R vs Python Differences¶
This page documents known numerical differences between wrtds-py and the R EGRET package. These differences arise from implementation choices in date arithmetic, grid construction, and numerical optimization. None of these differences are large enough to affect scientific conclusions.
1. Decimal Year (DecYear)¶
Source: R's bundled Choptank eList dataset uses an older DecYear formula that is
affected by daylight saving time (DST) transitions. Python's decimal_date() is
timezone-naive and computes:
Impact: Relative difference of ~2 x 10^-6^ (about 1 minute per year). The seasonal
harmonics (SinDY, CosDY) amplify this slightly.

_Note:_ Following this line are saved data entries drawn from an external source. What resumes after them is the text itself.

lemma cos_moment_series_sums:
  "(\<lambda>k. (-1)^(k+1) / real k * cos_moment p k) sums ((\<Sum>j\<le>p. moment_coeff p j * phase_series j) - moment_boundary_coeff p * zetaE (p+2))"
proof -
  have "(\<lambda>k. (\<Sum>j\<le>p. moment_coeff p j * ((-1)^(k+1) * ipow_phase k j / real k ^ (j+2))) - moment_boundary_coeff p * ((-1)^(k+1) / real k ^ (p+2)))
        sums ((\<Sum>j\<le>p. moment_coeff p j * phase_series j) - moment_boundary_coeff p * zetaE (p+2))"
    by (intro sums_diff sums_sum sums_mult phase_series_sums zetaE_sums) simp
  moreover have "(\<lambda>k. (\<Sum>j\<le>p. moment_coeff p j * ((-1)^(k+1) * ipow_phase k j / real k ^ (j+2))) - moment_boundary_coeff p * ((-1)^(k+1) / real k ^ (p+2)))
        = (\<lambda>k. (-1)^(k+1) / real k * cos_moment p k)"
  proof (rule ext)
    fix k show "(\<Sum>j\<le>p. moment_coeff p j * ((-1)^(k+1) * ipow_phase k j / real k ^ (j+2))) - moment_boundary_coeff p * ((-1)^(k+1) / real k ^ (p+2))
        = (-1)^(k+1) / real k * cos_moment p k"
    proof (cases "k = 0")
      case True thus ?thesis by simp
    next
      case False thus ?thesis by (intro cos_moment_expansion[symmetric]) simp
    qed
  qed
  ultimately show ?thesis by simp
qed

section \<open>The closed form\<close>

lemma sum_atMost_split_parity:
  fixes f :: "nat \<Rightarrow> real"
  shows "(\<Sum>j\<le>p. f j) = (\<Sum>k=0..p div 2. f (2*k)) + (\<Sum>k=1..(p+1) div 2. f (2*k-1))"
proof (induction p)
  case 0 then show ?case by simp
next
  case (Suc p)
  show ?case
  proof (cases "even p")
    case True
    then obtain q where q: "p = 2*q" by blast
    have a: "Suc p div 2 = q" "(Suc p + 1) div 2 = q + 1" "p div 2 = q" "(p+1) div 2 = q" using q by auto
    have "(\<Sum>j\<le>Suc p. f j) = (\<Sum>j\<le>p. f j) + f (Suc p)" by simp
    also have "\<dots> = (\<Sum>k=0..q. f (2*k)) + (\<Sum>k=1..q. f (2*k-1)) + f (2*(q+1) - 1)"
      using Suc a q by simp
    also have "\<dots> = (\<Sum>k=0..q. f (2*k)) + (\<Sum>k=1..q+1. f (2*k-1))" by simp
    finally show ?thesis using a by simp
  next
    case False
    then obtain q where q: "p = 2*q+1" using oddE by blast
    have a: "Suc p div 2 = q + 1" "(Suc p + 1) div 2 = q + 1" "p div 2 = q" "(p+1) div 2 = q + 1" using q by auto
    have "(\<Sum>j\<le>Suc p. f j) = (\<Sum>j\<le>p. f j) + f (Suc p)" by simp
    also have "\<dots> = (\<Sum>k=0..q. f (2*k)) + (\<Sum>k=1..q+1. f (2*k-1)) + f (2*(q+1))"
      using Suc a q by simp
    also have "\<dots> = (\<Sum>k=0..q+1. f (2*k)) + (\<Sum>k=1..q+1. f (2*k-1))" by simp
    finally show ?thesis using a by simp
  qed
qed

lemma nat_floor_half: "nat \<lfloor>real p / 2\<rfloor> = p div 2"
proof -
  have "\<lfloor>real p / 2\<rfloor> = \<lfloor>real p / real (2::nat)\<rfloor>" by simp
  also have "\<dots> = int (p div 2)" by (rule floor_divide_of_nat_eq)
  finally show ?thesis by simp
qed

lemma nat_ceiling_half: "nat \<lceil>real p / 2\<rceil> = (p+1) div 2"
proof (cases "even p")
  case True
  then obtain q where q: "p = 2*q" by blast
  have "\<lceil>real p / 2\<rceil> = int q" by (rule ceiling_unique) (auto simp: q)
  thus ?thesis using q by simp
next
  case False
  then obtain q where q: "p = 2*q+1" using oddE by blast
  have "\<lceil>real p / 2\<rceil> = int (q+1)" by (rule ceiling_unique) (auto simp: q)
  thus ?thesis using q by simp
qed

lemma Re_inverse_ipow_eq_sin: "(-1)^p * Re (1 / \<i>^(p+1)) = - sin (real (p+2) * pi / 2)"
proof (cases "even p")
  case True
  then obtain q where q: "p = 2*q" by blast
  have "\<i>^(p+1) = (-1)^q * \<i>" by (simp add: q i_power_odd)
  hence "Re (1 / \<i>^(p+1)) = 0" using minus_one_power_cases[of q] by auto
  moreover have "sin (real (p+2) * pi / 2) = 0"
  proof -
    have e: "real (p+2) * pi / 2 = real (q+1) * pi" by (simp add: q field_simps)
    show ?thesis by (simp only: e sin_npi)
  qed
  ultimately show ?thesis by simp
next
  case False
  then obtain q where q: "p = 2*q+1" using oddE by blast
  have "\<i>^(p+1) = \<i>^(2*(q+1))" by (simp add: q)
  also have "\<dots> = (-1)^(q+1)" by (rule i_power_even)
  finally have i: "\<i>^(p+1) = (-1)^(q+1)" .
  have "Re (1 / \<i>^(p+1)) = (-1)^(q+1)" unfolding i by (cases "even q") auto
  moreover have "sin (real (p+2) * pi / 2) = (-1)^(q+1)"
  proof -
    have e: "real (p+2) * pi / 2 = real (q+1) * pi + pi/2" by (simp add: q field_simps)
    show ?thesis by (simp only: e sin_add sin_npi cos_npi sin_pi_half cos_pi_half)
  qed
  moreover have "(-1::real)^p = -1" using q by simp
  ultimately show ?thesis by simp
qed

| Column | Tolerance | Notes |
|---|---|---|
daily.DecYear |
rtol = 1e-5 | ~2e-6 relative difference |
sample.DecYear |
rtol = 1e-5 | Same DST issue |
sample.SinDY |
atol = 0.02 | Amplified by sin() |
sample.CosDY |
atol = 0.025 | Amplified by cos() |
daily.LogQ |
rtol = 1e-10 | Near machine precision |
daily.Julian |
exact | Integer days |
2. Surface Grid Bounds¶
Source: R computes bottomLogQ and topLogQ from the Daily discharge range
(all daily Q values). Python computes them from the Sample LogQ range (only days
with water-quality observations).
Impact: The grid boundaries differ, so the surfaces arrays cannot be compared element-by-element. However, structural parameters match:
| Parameter | Match |
|---|---|
n_logq |
Exact (both = 14) |
n_year |
Exact |
step_year |
rtol = 1e-10 |
bottom_year, top_year |
Exact |
The downstream effect on daily estimates is small because the interpolation clamps queries to grid boundaries in both implementations.
3. MLE Optimizer¶
Source: R uses survival::survreg (Newton-Raphson with profiled likelihood).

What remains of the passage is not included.